Silicon Valley has a stigma for most everyone who isn’t located in the Bay Area. We assume it will be filled with competitive geniuses and be too expensive to survive. “You may be Ohio smart, but that’s a different kind of smart,” is something I have heard in actual conversations. And I, too, had similar thoughts as I considered trying to fit in at a startup.
Having watched the HBO show, Silicon Valley, my perspective of how my future coworkers would act could not have been more different from reality. The show portrays Silicon Valley workers as smug, arrogant, anti-social coders who are ready to backstab their coworkers on their way to the top of the industry. At Backblaze, I have found the opposite to be true: everyone has been supportive, fun to be around, and team-oriented.
Now that I live in Silicon Valley, rather than watching it, I have to say I let the intimidation get to me. One of my favorite quotes that helps me during times of high stress is by the Co-Founder of Lumi Labs, Marissa Mayer, in reference to how she’s succeeded in her career, “I always did something I was not ready to do. I think that’s how you grow.” That’s an important thing to remember when you are starting a new job, adventure, or experience: On the other side of the challenge, no matter how it goes, you’ll have grown. Here are some of the things that I have learned during my first few weeks of growth at Backblaze and living in the Bay Area. Hopefully, they’ll help you to try something you’re not ready for, too.
Nine Lessons Learned
Don’t be Thrown by Big Words
Write them down. Google is your best friend. There may be words, companies, software, acronyms, and a bunch of other things that come up in meetings that you have never heard before. Take notes. Research them and do research on how they apply to your company or work position. Most of the time it’s something you might have known about but didn’t know the correct word or phrase for.
No One Understands Your Thought Process
Show your work. Something that’s hard when it comes to talking to your boss or your team is that they cannot see inside your brain. Talk them through how you got to where you are with your thoughts and conclusions. There are plenty of times where I have had to remind myself to over-explain an idea or a thought so the people around me could understand and help.

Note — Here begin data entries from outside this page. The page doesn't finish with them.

lemma zeroes_confined_Suc:
  assumes "r \<ge> 0" and confined: "zeroes_confined r k"
  shows "zeroes_confined r (Suc k)"
  unfolding zeroes_confined_def
proof (intro allI impI)
  fix Z N b e i
  assume path: "supported_path r Z N" and count: "\<forall>j\<le>N. card (Z j \<inter> {b<..e}) \<le> Suc k"
    and init: "Z 0 \<inter> {b<..e} = {}" and "i \<le> N"
  define b' where "b' = b + r * (2 ^ k - 1) + r"
  have "b \<le> b'" using \<open>r \<ge> 0\<close> by (simp add: b'_def one_le_power)
  show "Z i \<inter> {b + r * (2 ^ Suc k - 1)<..e} = {}"
  proof (rule ccontr)
    assume "Z i \<inter> {b + r * (2 ^ Suc k - 1)<..e} \<noteq> {}"
    moreover have "b + r * (2 ^ Suc k - 1) = b' + r * (2 ^ k - 1)"
      by (simp add: b'_def algebra_simps)
    moreover have "Z 0 \<inter> {b'<..e} = {}" using init \<open>b \<le> b'\<close> by auto
    ultimately obtain t where "t \<le> N" and crowded: "\<not> card (Z t \<inter> {b'<..e}) \<le> k"
      using confined path \<open>i \<le> N\<close> unfolding zeroes_confined_def by metis
    have "Z t \<inter> {b'<..e} \<subseteq> Z t \<inter> {b<..e}" using \<open>b \<le> b'\<close> by auto
    moreover have "card (Z t \<inter> {b<..e}) \<le> card (Z t \<inter> {b'<..e})"
      using count \<open>t \<le> N\<close> crowded by fastforce
    ultimately have all_right: "Z t \<inter> {b'<..e} = Z t \<inter> {b<..e}"
      using card_seteq[of "Z t \<inter> {b<..e}"] by blast
    define a where "a = Min (Z t \<inter> {b'<..e})"
    have "Z t \<inter> {b'<..e} \<noteq> {}" using crowded by (metis card.empty zero_le)
    then have a: "a \<in> Z t" "b' < a" "a \<le> e"
      using Min_in[of "Z t \<inter> {b'<..e}"] unfolding a_def by auto
    have "Z t \<inter> {b<..a - 1} = {}"
    proof -
      have "a \<le> z" if "z \<in> Z t \<inter> {b<..e}" for z
        using that all_right Min_le[of "Z t \<inter> {b'<..e}" z] unfolding a_def by simp
      then show ?thesis using a by fastforce
    qed
    then have "\<forall>j\<le>t. a \<in> Z (t - j)"
      using zero_persists[OF confined \<open>r \<ge> 0\<close> supported_path_rev[OF path \<open>t \<le> N\<close>], of b e a t]
        count \<open>t \<le> N\<close> a unfolding b'_def by simp
    then have "a \<in> Z 0" by auto
    with init a \<open>b \<le> b'\<close> show False by auto
  qed
qed

lemma zeroes_confined: "r \<ge> 0 \<Longrightarrow> zeroes_confined r k"
  by (induction k) (simp_all add: zeroes_confined_0 zeroes_confined_Suc)

lemma supported_path_zeroes_confined:
  assumes "r \<ge> 0" and "supported_path r Z N" and "\<forall>j\<le>N. card (Z j \<inter> {b<..e}) \<le> k"
    and "Z 0 \<inter> {b<..e} = {}" and "i \<le> N"
  shows "Z i \<inter> {b + r * (2 ^ k - 1)<..e} = {}"
  using zeroes_confined[OF assms(1), unfolded zeroes_confined_def, rule_format (no_asm)] assms(2-5) .

text \<open>Sites outside \<Lambda> count as zeroes, exactly as in the legality of a move.\<close>

definition zero_set :: "int set \<Rightarrow> (int \<Rightarrow> nat) \<Rightarrow> int set" where
  "zero_set \<Lambda> \<eta> = {x. ext0 \<Lambda> \<eta> x = 0}"

lemma abs_le_range_of:
  assumes "update_family U" and "X \<in> U" and "x \<in> X"
  shows "\<bar>x\<bar> \<le> range_of U"
proof -
  let ?D = "{\<bar>x - y\<bar> | x y X. X \<in> U \<and> x \<in> insert 0 X \<and> y \<in> insert 0 X}"
  have "?D \<subseteq> (\<lambda>(x, y). \<bar>x - y\<bar>) ` (\<Union>X\<in>U. insert 0 X \<times> insert 0 X)" by fastforce
  moreover have "finite (\<Union>X\<in>U. insert 0 X \<times> insert 0 X)"
    using assms(1) unfolding update_family_def by auto
  ultimately have "finite ?D" using finite_subset by blast
  moreover have "\<bar>x - 0\<bar> \<in> ?D" using assms(2,3) by blast
  ultimately show ?thesis unfolding range_of_def using Max_ge by fastforce
qed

You Don’t Have to Know Everything
Own up to your lack of knowledge. This one is tough because when you are new to a position you have the inclination to not lift the veil and reveal yourself as someone who does not know something. This could be something as big as not knowing how a core feature works or as small as not knowing how the coffee machine works. When you are new to a company you are never going to walk in and know exactly how everything works. At the moment you don’t understand something, admit it and most people you work with will help or at least point you in the direction of where and how to learn.
Living in Someone’s Backyard in an In-Law Suite is Normal
Look everywhere before choosing where to live. Moving to Silicon Valley while trying to establish a stable income sounds impossible, and indeed it is very hard. When talking to people before my move everyone would say, “ugh, the housing payments!” This was not encouraging to hear. But that doesn’t mean there aren’t creative ways to lower your housing costs. While living with roommates to drive housing costs down, I found a family that wanted to make a little extra money and had an unused in-law suite . While it’s not owning your own home or having a full-size apartment to yourself, it’s different and that can be fun! Plus, like with roommates, you never know what connections you will make.
Not Understanding the Software Doesn’t Mean You Don’t Get It
You have the experience, use it. I came to Backblaze with a very surface-level idea of coding, no idea about the different ways to back up my computer, and no knowledge of how the cloud actually works, but I did understand that it was important to have backups. Just because you don’t understand how something works initially doesn’t mean you don’t understand the value it has. You can use that understanding to pitch ideas and bring an outside perspective to the group.
Talk to People with Important Titles
They all have been in your shoes. The CEOs, presidents, directors, and managers of the world all have been in your position at one point. Now they hold those titles, so obviously they did something right. Get to know them and what they enjoy. They are human and they would love to share their wisdom with you, whether it’s about the company, their favorite food places nearby, or where they go to relax.
Don’t Let Things Slip
Follow up. If someone said they were going to show you something in a meeting or in the hallway, send them a note and see if you should schedule a chat. Have a question during an important meeting that you didn’t want to ask? Follow up! Someone mentioned they knew of a class that could teach something you wanted to learn? Make sure they send you a link! All work environments can feel busy but most people would rather you follow up with them rather than let them forget about something that might be important later on.
Soak In the Environment
Be a fly on the wall. Watch how the office operates and how people talk to each other. Get an idea of when people leave for lunch, when to put your headphones on, and what’s normal to wear around the office. Also, pay attention to who talks in meetings and what it is like to pitch an idea. Observing before fully immersing yourself helps you figure out where your experience fits in and how you can best contribute.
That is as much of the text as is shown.